Starring: Adam Sandler, Drew Barrymore, Rob Schneider
Director: Peter Segal
Running Time: 109 mins
50 First Dates is an American film about a womanising aquarium vet living in Hawaii who finally meets a woman who he wants to commit to. However, he soon discovers that she suffers from short-term memory loss, and every day, she forgets she ever met him.
I know what you’re thinking. Adam Sandler. Happy Madison. Even Rob Schneider? But believe me when I tell you that 50 First Dates isn’t all that bad. In fact, I thought it was pretty great. Thanks to a calm performance from Adam Sandler alongside his wonderful co-star in Drew Barrymore, this film is fun, enjoyable and also surprisingly heartfelt. It’s a romantic comedy that seems preposterous and silly at first, but the more you learn about the characters, the more investing it genuinely becomes.
I want to start not with my favourite part of this movie, but what is the make-or-break for most people thinking about watching it. This isn’t the sort of Adam Sandler movie that we’ve unfortunately grown accustomed to. As he’s proved on numerous occasions, Sandler can be a properly likable and enjoyable lead star when he tones down the idiocy and behaves like a normal human being, and no film shows that better than this.
Although the film starts off by telling us he’s a womaniser that’s afraid of commitment, what works so well is watching his character, Henry, fall in love with Lucy, played by Drew Barrymore. For almost the entire runtime, he’s a man overwhelmed by his love for this woman, and although it may seem difficult, he does absolutely everything he can for her, almost always in a completely selfless way.
And that passion really comes across well in Adam Sandler’s performance. It’s immediately easy to love Lucy as much as Henry does, simply because Drew Barrymore’s performance is so lovely at every moment, but the fact that I felt so attached to Henry really surprised me. Sandler doesn’t just play a rom-com lead, but an intelligent, passionate and heartfelt character, and in real style, making this easily one of his best performances of all.
What I liked most about 50 First Dates, the story, comes hand in hand with those excellent performances. Save for the cheesy opening sequence and a rushed and initially preposterous introduction to how Lucy lives her life with short-term memory loss, the way the plot unfolds in this movie is absolutely brilliant.

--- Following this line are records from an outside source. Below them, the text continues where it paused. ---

(* Let $N\ge2$ and consider the function $$D(p)=2\log N+\frac1N\sum_{k=1}^N(\log p_k)^2-\frac1{N^2}\Big(\sum_{k=1}^N\log p_k\Big)^2+\frac2N\sum_{k=1}^N\log p_k$$ on the open simplex $\{p=(p_1,\dots,p_N): p_k>0,\ \sum_k p_k=1\}$. If $p$ is a point of local extremum of $D$ on this set, then either $p=(1/N,\dots,1/N)$ or the coordinates of $p$ take exactly two distinct values.
   Context: For a probability vector $p$ with all $p_k>0$, $D(p)$ equals $\lim_{\alpha\to0+}\frac{\partial^2}{\partial\alpha^2}\mathcal H_\alpha(p)$, where $\mathcal H_\alpha(p)=\frac{1}{1-\alpha}\log\sum_{k=1}^N p_k^\alpha$ is the Rényi entropy; the paper denotes it $\mathcal H''_0(p)$. Logarithms are natural. *)

theory Defs
  imports "HOL-Analysis.Analysis"
begin

definition open_simplex :: "(real ^ 'n) set" where
  "open_simplex = {p. (\<forall>k. p $ k > 0) \<and> (\<Sum>k\<in>UNIV. p $ k) = 1}"

definition Dfun :: "real ^ 'n \<Rightarrow> real" where
  "Dfun p = (let N = real CARD('n) in
     2 * ln N + (1 / N) * (\<Sum>k\<in>UNIV. (ln (p $ k))^2)
     - (1 / N^2) * (\<Sum>k\<in>UNIV. ln (p $ k))^2
     + (2 / N) * (\<Sum>k\<in>UNIV. ln (p $ k)))"

definition local_max_on :: "('a::metric_space \<Rightarrow> real) \<Rightarrow> 'a set \<Rightarrow> 'a \<Rightarrow> bool" where
  "local_max_on f S x \<longleftrightarrow> x \<in> S \<and> (\<exists>e>0. \<forall>y\<in>S. dist y x < e \<longrightarrow> f y \<le> f x)"

definition local_min_on :: "('a::metric_space \<Rightarrow> real) \<Rightarrow> 'a set \<Rightarrow> 'a \<Rightarrow> bool" where
  "local_min_on f S x \<longleftrightarrow> x \<in> S \<and> (\<exists>e>0. \<forall>y\<in>S. dist y x < e \<longrightarrow> f x \<le> f y)"

end

theory Submission
  imports Defs
begin

text \<open>At an interior extremum the derivative of \<open>Dfun\<close> along every direction \<open>e\<^sub>i - e\<^sub>j\<close>
  tangent to the simplex vanishes. Computing the gradient, this says that
  \<open>(ln p\<^sub>k + c) / p\<^sub>k\<close> takes the same value for all \<open>k\<close>, with \<open>c = 1 - (\<Sum>\<^sub>k ln p\<^sub>k) / N\<close>.
  By Rolle's theorem, two distinct zeros of \<open>x \<mapsto> (ln x + c) / x - \<lambda>\<close> enclose a zero of its
  derivative, i.e. the point \<open>exp (1 - c)\<close>; since that point is unique, the equation has at
  most two positive solutions, so the coordinates of \<open>p\<close> take at most two values.\<close>

lemma has_field_derivative_ln_plus_div:
  fixes c t :: real
  assumes "t > 0"
  shows "((\<lambda>x. (ln x + c) / x) has_field_derivative ((1 - ln t - c) / t\<^sup>2)) (at t)"
proof -
  have "((\<lambda>x. (ln x + c) / x) has_field_derivative ((1/t * t - (ln t + c) * 1) / (t*t))) (at t)"
    using assms by (auto intro!: derivative_eq_intros)
  then show ?thesis
    using assms by (simp add: power2_eq_square diff_diff_eq)
qed

lemma ln_plus_div_eq_imp_critical_between:
  fixes a b c :: real
  assumes "0 < a" "a < b" "(ln a + c) / a = (ln b + c) / b"
  shows "\<exists>z. a < z \<and> z < b \<and> ln z = 1 - c"
proof -
  have "\<exists>z. a < z \<and> z < b \<and> (*) ((1 - ln z - c) / z\<^sup>2) = (\<lambda>v. 0)"
  proof (rule Rolle_deriv[where f = "\<lambda>x. (ln x + c) / x"])
    show "continuous_on {a..b} (\<lambda>x. (ln x + c) / x)"
      using assms by (intro continuous_intros) auto
    fix x assume "a < x" "x < b"
    then show "((\<lambda>x. (ln x + c) / x) has_derivative (*) ((1 - ln x - c) / x\<^sup>2)) (at x)"
      using has_field_derivative_ln_plus_div[of x c] assms
      unfolding has_field_derivative_def by simp
  qed (use assms in auto)
  then obtain z where "a < z" "z < b" and "(*) ((1 - ln z - c) / z\<^sup>2) = (\<lambda>v. 0)"
    by blast
  moreover from this have "(1 - ln z - c) / z\<^sup>2 = 0"
    by (metis mult.right_neutral)
  ultimately show ?thesis
    using assms by auto
qed

lemma ln_plus_div_no_three_increasing_solutions:
  fixes x y z c :: real
  assumes "0 < x" "x < y" "y < z"
    and "(ln x + c) / x = (ln y + c) / y" "(ln y + c) / y = (ln z + c) / z"
  shows False
proof -
  obtain u where u: "x < u" "u < y" "ln u = 1 - c"
    using ln_plus_div_eq_imp_critical_between assms by blast
  obtain w where w: "y < w" "w < z" "ln w = 1 - c"
    using ln_plus_div_eq_imp_critical_between[of y z c] assms by auto
  have "u = w"
    using u w assms by (metis ln_inj_iff order.strict_trans)
  with u w show False
    by simp
qed

lemma ln_plus_div_at_most_two_solutions:
  fixes x y z c :: real
  assumes "0 < x" "0 < y" "0 < z"
    and "(ln x + c) / x = (ln y + c) / y" "(ln y + c) / y = (ln z + c) / z"
  shows "x = y \<or> y = z \<or> x = z"
  using assms
    ln_plus_div_no_three_increasing_solutions[of x y z c]
    ln_plus_div_no_three_increasing_solutions[of x z y c]
    ln_plus_div_no_three_increasing_solutions[of y x z c]
    ln_plus_div_no_three_increasing_solutions[of y z x c]
    ln_plus_div_no_three_increasing_solutions[of z x y c]
    ln_plus_div_no_three_increasing_solutions[of z y x c]
  by (metis linorder_neqE_linordered_idom)

lemma local_extremum_on_line_deriv_eq_0:
  fixes f :: "'a::real_normed_vector \<Rightarrow> real"
  assumes ext: "local_max_on f S x \<or> local_min_on f S x"
    and deriv: "((\<lambda>t. f (x + t *\<^sub>R v)) has_real_derivative L) (at 0)"
    and "d > 0" and line: "\<And>t. \<bar>t\<bar> < d \<Longrightarrow> x + t *\<^sub>R v \<in> S"
  shows "L = 0"
proof -
  obtain e where "e > 0" and e:
    "(\<forall>y\<in>S. dist y x < e \<longrightarrow> f y \<le> f x) \<or> (\<forall>y\<in>S. dist y x < e \<longrightarrow> f x \<le> f y)"
    using ext unfolding local_max_on_def local_min_on_def by blast
  define r where "r = min d (e / (norm v + 1))"
  have "norm v + 1 > 0"
    by (smt (verit) norm_ge_zero)
  then have "r > 0"
    using \<open>d > 0\<close> \<open>e > 0\<close> by (simp add: r_def)
  have near: "x + t *\<^sub>R v \<in> S \<and> dist (x + t *\<^sub>R v) x < e" if "\<bar>0 - t\<bar> < r" for t
  proof -
    have "\<bar>t\<bar> * norm v \<le> \<bar>t\<bar> * (norm v + 1)"
      by (simp add: mult_left_mono)
    also have "\<dots> < e"
      using that \<open>norm v + 1 > 0\<close> by (simp add: r_def less_divide_eq)
    finally show ?thesis
      using that line by (simp add: r_def dist_norm)
  qed
  from e show ?thesis
  proof
    assume "\<forall>y\<in>S. dist y x < e \<longrightarrow> f y \<le> f x"
    then show "L = 0"
      using near by (intro DERIV_local_max[OF deriv \<open>r > 0\<close>]) auto
  next
    assume "\<forall>y\<in>S. dist y x < e \<longrightarrow> f x \<le> f y"
    then show "L = 0"
      using near by (intro DERIV_local_min[OF deriv \<open>r > 0\<close>]) auto
  qed
qed

lemma Dfun_line_has_derivative:
  fixes p v :: "real ^ 'n"
  assumes pos: "\<And>k. p $ k > 0"
  defines "N \<equiv> real CARD('n)" and "c \<equiv> 1 - (\<Sum>k\<in>UNIV. ln (p $ k)) / real CARD('n)"
  shows "((\<lambda>t. Dfun (p + t *\<^sub>R v)) has_real_derivative
           (2 / N) * (\<Sum>k\<in>UNIV. v $ k * ((ln (p $ k) + c) / p $ k))) (at 0)"
proof -
  define S where "S = (\<Sum>k\<in>UNIV. ln (p $ k))"
  define A where "A = (\<Sum>k\<in>UNIV. ln (p $ k) * (v $ k / p $ k))"
  define B where "B = (\<Sum>k\<in>UNIV. v $ k / p $ k)"
  have "N > 0"
    by (simp add: N_def)
  have "((\<lambda>t. Dfun (p + t *\<^sub>R v)) has_real_derivative
          (1 / N) * (\<Sum>k\<in>UNIV. 2 * ln (p $ k) * (v $ k / p $ k))
          - (1 / N\<^sup>2) * (2 * S * B) + (2 / N) * B) (at 0)"
    unfolding Dfun_def Let_def N_def S_def B_def
    using pos by (auto intro!: derivative_eq_intros simp: field_simps power2_eq_square)
  moreover have "(\<Sum>k\<in>UNIV. v $ k * ((ln (p $ k) + c) / p $ k)) = A + (1 - S / N) * B"
  proof -
    have "v $ k * ((ln (p $ k) + c) / p $ k) = ln (p $ k) * (v $ k / p $ k) + c * (v $ k / p $ k)"
      for k
      by (simp add: algebra_simps add_divide_distrib)
    moreover have "c = 1 - S / N"
      by (simp add: c_def S_def N_def)
    ultimately show ?thesis
      by (simp add: A_def B_def sum.distrib sum_distrib_left)
  qed
  moreover have "(\<Sum>k\<in>UNIV. 2 * ln (p $ k) * (v $ k / p $ k)) = 2 * A"
    by (simp add: A_def sum_distrib_left mult.assoc)
  moreover have "(1 / N) * (2 * A) - (1 / N\<^sup>2) * (2 * S * B) + (2 / N) * B
      = (2 / N) * (A + (1 - S / N) * B)"
    using \<open>N > 0\<close> by (simp add: field_simps power2_eq_square)
  ultimately show ?thesis
    by simp
qed

lemma sum_mult_axis_diff:
  fixes f :: "'n::finite \<Rightarrow> real"
  assumes "i \<noteq> j"
  shows "(\<Sum>k\<in>UNIV. (axis i 1 - axis j 1 :: real ^ 'n) $ k * f k) = f i - f j"
proof -
  have "(\<Sum>k\<in>UNIV. (axis i 1 - axis j 1 :: real ^ 'n) $ k * f k)
      = (\<Sum>k\<in>UNIV. (if k = i then f k else 0) - (if k = j then f k else 0))"
    using assms by (intro sum.cong) (auto simp: axis_def)
  then show ?thesis
    by (simp add: sum_subtractf)
qed

lemma open_simplex_shift_mem:
  fixes p :: "real ^ 'n"
  assumes "p \<in> open_simplex" "i \<noteq> j" "\<bar>t\<bar> < p $ i" "\<bar>t\<bar> < p $ j"
  shows "p + t *\<^sub>R (axis i 1 - axis j 1) \<in> open_simplex"
proof -
  let ?q = "p + t *\<^sub>R (axis i 1 - axis j 1)"
  have "?q $ k > 0" for k
    using assms by (auto simp: open_simplex_def axis_def)
  moreover have "(\<Sum>k\<in>UNIV. ?q $ k) = (\<Sum>k\<in>UNIV. p $ k) + t * (1 - 1)"
    using sum_mult_axis_diff[OF \<open>i \<noteq> j\<close>, of "\<lambda>_. 1"]
    by (simp add: sum.distrib sum_distrib_left[symmetric])
  ultimately show ?thesis
    using assms(1) by (simp add: open_simplex_def)
qed

lemma Dfun_extremum_imp_ln_plus_div_eq:
  fixes p :: "real ^ 'n"
  assumes ext: "local_max_on Dfun open_simplex p \<or> local_min_on Dfun open_simplex p"
  defines "c \<equiv> 1 - (\<Sum>k\<in>UNIV. ln (p $ k)) / real CARD('n)"
  shows "(ln (p $ i) + c) / p $ i = (ln (p $ j) + c) / p $ j"
proof (cases "i = j")
  case False
  have "p \<in> open_simplex"
    using ext unfolding local_max_on_def local_min_on_def by blast
  then have pos: "\<And>k. p $ k > 0"
    by (simp add: open_simplex_def)
  have "((\<lambda>t. Dfun (p + t *\<^sub>R (axis i 1 - axis j 1))) has_real_derivative
          (2 / real CARD('n)) * ((ln (p $ i) + c) / p $ i - (ln (p $ j) + c) / p $ j)) (at 0)"
    using Dfun_line_has_derivative[OF pos, of "axis i 1 - axis j 1"]
      sum_mult_axis_diff[OF False, of "\<lambda>k. (ln (p $ k) + c) / p $ k"]
    by (simp add: c_def)
  then have "(2 / real CARD('n)) * ((ln (p $ i) + c) / p $ i - (ln (p $ j) + c) / p $ j) = 0"
    using ext pos False open_simplex_shift_mem[OF \<open>p \<in> open_simplex\<close> False]
    by (intro local_extremum_on_line_deriv_eq_0[where d = "min (p $ i) (p $ j)"]) auto
  then show ?thesis
    by (simp only: mult_eq_0_iff) simp
qed simp

lemma open_simplex_const_eq_uniform:
  fixes p :: "real ^ 'n"
  assumes "p \<in> open_simplex" "\<And>k. p $ k = a"
  shows "p = (\<chi> k. 1 / real CARD('n))"
proof -
  have "real CARD('n) * a = 1"
    using assms by (simp add: open_simplex_def)
  then show ?thesis
    using assms(2) by (simp add: vec_eq_iff field_simps)
qed

theorem mainTheorem2:
  fixes p :: "real ^ 'n"
  assumes "CARD('n) \<ge> 2"
    and "local_max_on Dfun open_simplex p \<or> local_min_on Dfun open_simplex p"
  shows "p = (\<chi> k. 1 / real CARD('n)) \<or> card (range (\<lambda>k. p $ k)) = 2"
proof -
  have "p \<in> open_simplex"
    using assms(2) unfolding local_max_on_def local_min_on_def by blast
  then have pos: "\<And>k. p $ k > 0"
    by (simp add: open_simplex_def)
  define a where "a = p $ undefined"
  show ?thesis
  proof (cases "\<forall>k. p $ k = a")
    case True
    then show ?thesis
      using open_simplex_const_eq_uniform[OF \<open>p \<in> open_simplex\<close>] by blast
  next
    case False
    then obtain j where j: "p $ j \<noteq> a"
      by blast
    have "p $ k \<in> {a, p $ j}" for k
      using ln_plus_div_at_most_two_solutions pos j
        Dfun_extremum_imp_ln_plus_div_eq[OF assms(2)]
      unfolding a_def by (metis insert_iff)
    then have "range (\<lambda>k. p $ k) = {a, p $ j}"
      by (auto simp: a_def)
    then show ?thesis
      using j by simp
  qed
qed

end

Wonderfully upbeat and light-hearted early on, the deeper that we get into the complicated relationship between these two people as the story develops, the more dramatic it all becomes. Sure, there’s still the odd toilet joke (courtesy of Rob Schneider), but in general, the final fifty minutes or so of this film aren’t what you would expect at all.
Dodging so many rom-com clichés, the film ultimately becomes a very bittersweet tale about a man and a woman who do want to be together, but seemingly can’t find any way to do so. Sandler, Barrymore and supporting player Blake Clark all give performances that make this hugely effective, whilst director Peter Segal also brilliantly lowers the tone and pace of the film as we get into more dramatic territory, all making for an even more engrossing watch.
Overall, I was really surprised by this movie. Don’t let the rom-com labels or Adam Sandler put you off, because both of those, as well as a heap of other things, work really well in this movie. A funny, enjoyable watch at the beginning, it develops into something a lot more cathartic, but in fantastic style, and that’s why 50 First Dates gets a 7.9 from me.